╭──
lemma nn_integral_max_excess_nonneg_shift:
  assumes b: "0 \<le> b"
  shows "(\<integral>\<^sup>+x. \<integral>\<^sup>+y. ennreal (exponential_density 1 x * exponential_density 1 y
      * max_excess b x y) \<partial>lborel \<partial>lborel) = ennreal (1 + (b + 1) / 2 * exp (- b))"
proof -
  define H where "H x = x * (1 - exp (- (x + b))) + (x + b + 1) * exp (- (x + b))" for x
  define Q where "Q x = - (x + 1) * exp (- x) - (b + 1) / 2 * exp (- 2 * x - b)" for x
  define P :: "real \<Rightarrow> real" where "P y = - (y + 1) * exp (- y)" for y
  have P_deriv: "DERIV P y :> exp (- y) * y" for y
    unfolding P_def by (auto intro!: derivative_eq_intros simp: algebra_simps)
  have P_lim: "(P \<longlongrightarrow> 0) at_top"
    unfolding P_def by real_asymp
  have inner: "(\<integral>\<^sup>+y. ennreal (exponential_density 1 y * max_excess b x y) \<partial>lborel)
      = ennreal (H x)" if x: "0 \<le> x" for x
  proof -
    have P_c: "P (x + b) \<le> 0"
      unfolding P_def using x b by (intro mult_nonpos_nonneg) auto
    have "(\<integral>\<^sup>+y. ennreal (exponential_density 1 y * max_excess b x y) \<partial>lborel)
        = ennreal (x * (1 - exp (- (x + b))) - P (x + b))"
      unfolding max_excess_def
      by (rule nn_integral_exponential_density_split[OF _ _ _ P_deriv P_lim]) (use x b P_c in auto)
    also have "x * (1 - exp (- (x + b))) - P (x + b) = H x"
      by (simp add: H_def P_def algebra_simps)
    finally show ?thesis .
  qed
  have H_nonneg: "0 \<le> H x" if "0 \<le> x" for x
    using that b by (auto simp: H_def intro!: add_nonneg_nonneg mult_nonneg_nonneg)
  have Q_deriv: "DERIV Q x :> exp (- x) * H x" for x
  proof -
    have "exp (- x) * exp (- b - x) = exp (- (x * 2) - b)"
      by (simp add: mult_exp_exp algebra_simps)
    then show ?thesis
      unfolding Q_def H_def
      by (auto intro!: derivative_eq_intros simp: algebra_simps) (simp add: field_simps)
  qed
  have Q_lim: "(Q \<longlongrightarrow> 0) at_top"
    unfolding Q_def by real_asymp
  have "(\<integral>\<^sup>+x. \<integral>\<^sup>+y. ennreal (exponential_density 1 x * exponential_density 1 y
      * max_excess b x y) \<partial>lborel \<partial>lborel) = ennreal (- Q 0)"
    by (rule nn_integral_exponential_density_pair[OF _ _ inner H_nonneg Q_deriv Q_lim])
       (auto simp: H_def)
  then show ?thesis by (simp add: Q_def add.commute)
qed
╰──
--- Exercise directions ---
The whole listing above is to be restated word for word.

--- Exercise answer ---
lemma nn_integral_max_excess_nonneg_shift:
  assumes b: "0 \<le> b"
  shows "(\<integral>\<^sup>+x. \<integral>\<^sup>+y. ennreal (exponential_density 1 x * exponential_density 1 y
      * max_excess b x y) \<partial>lborel \<partial>lborel) = ennreal (1 + (b + 1) / 2 * exp (- b))"
proof -
  define H where "H x = x * (1 - exp (- (x + b))) + (x + b + 1) * exp (- (x + b))" for x
  define Q where "Q x = - (x + 1) * exp (- x) - (b + 1) / 2 * exp (- 2 * x - b)" for x
  define P :: "real \<Rightarrow> real" where "P y = - (y + 1) * exp (- y)" for y
  have P_deriv: "DERIV P y :> exp (- y) * y" for y
    unfolding P_def by (auto intro!: derivative_eq_intros simp: algebra_simps)
  have P_lim: "(P \<longlongrightarrow> 0) at_top"
    unfolding P_def by real_asymp
  have inner: "(\<integral>\<^sup>+y. ennreal (exponential_density 1 y * max_excess b x y) \<partial>lborel)
      = ennreal (H x)" if x: "0 \<le> x" for x
  proof -
    have P_c: "P (x + b) \<le> 0"
      unfolding P_def using x b by (intro mult_nonpos_nonneg) auto
    have "(\<integral>\<^sup>+y. ennreal (exponential_density 1 y * max_excess b x y) \<partial>lborel)
        = ennreal (x * (1 - exp (- (x + b))) - P (x + b))"
      unfolding max_excess_def
      by (rule nn_integral_exponential_density_split[OF _ _ _ P_deriv P_lim]) (use x b P_c in auto)
    also have "x * (1 - exp (- (x + b))) - P (x + b) = H x"
      by (simp add: H_def P_def algebra_simps)
    finally show ?thesis .
  qed
  have H_nonneg: "0 \<le> H x" if "0 \<le> x" for x
    using that b by (auto simp: H_def intro!: add_nonneg_nonneg mult_nonneg_nonneg)
  have Q_deriv: "DERIV Q x :> exp (- x) * H x" for x
  proof -
    have "exp (- x) * exp (- b - x) = exp (- (x * 2) - b)"
      by (simp add: mult_exp_exp algebra_simps)
    then show ?thesis
      unfolding Q_def H_def
      by (auto intro!: derivative_eq_intros simp: algebra_simps) (simp add: field_simps)
  qed
  have Q_lim: "(Q \<longlongrightarrow> 0) at_top"
    unfolding Q_def by real_asymp
  have "(\<integral>\<^sup>+x. \<integral>\<^sup>+y. ennreal (exponential_density 1 x * exponential_density 1 y
      * max_excess b x y) \<partial>lborel \<partial>lborel) = ennreal (- Q 0)"
    by (rule nn_integral_exponential_density_pair[OF _ _ inner H_nonneg Q_deriv Q_lim])
       (auto simp: H_def)
  then show ?thesis by (simp add: Q_def add.commute)
qed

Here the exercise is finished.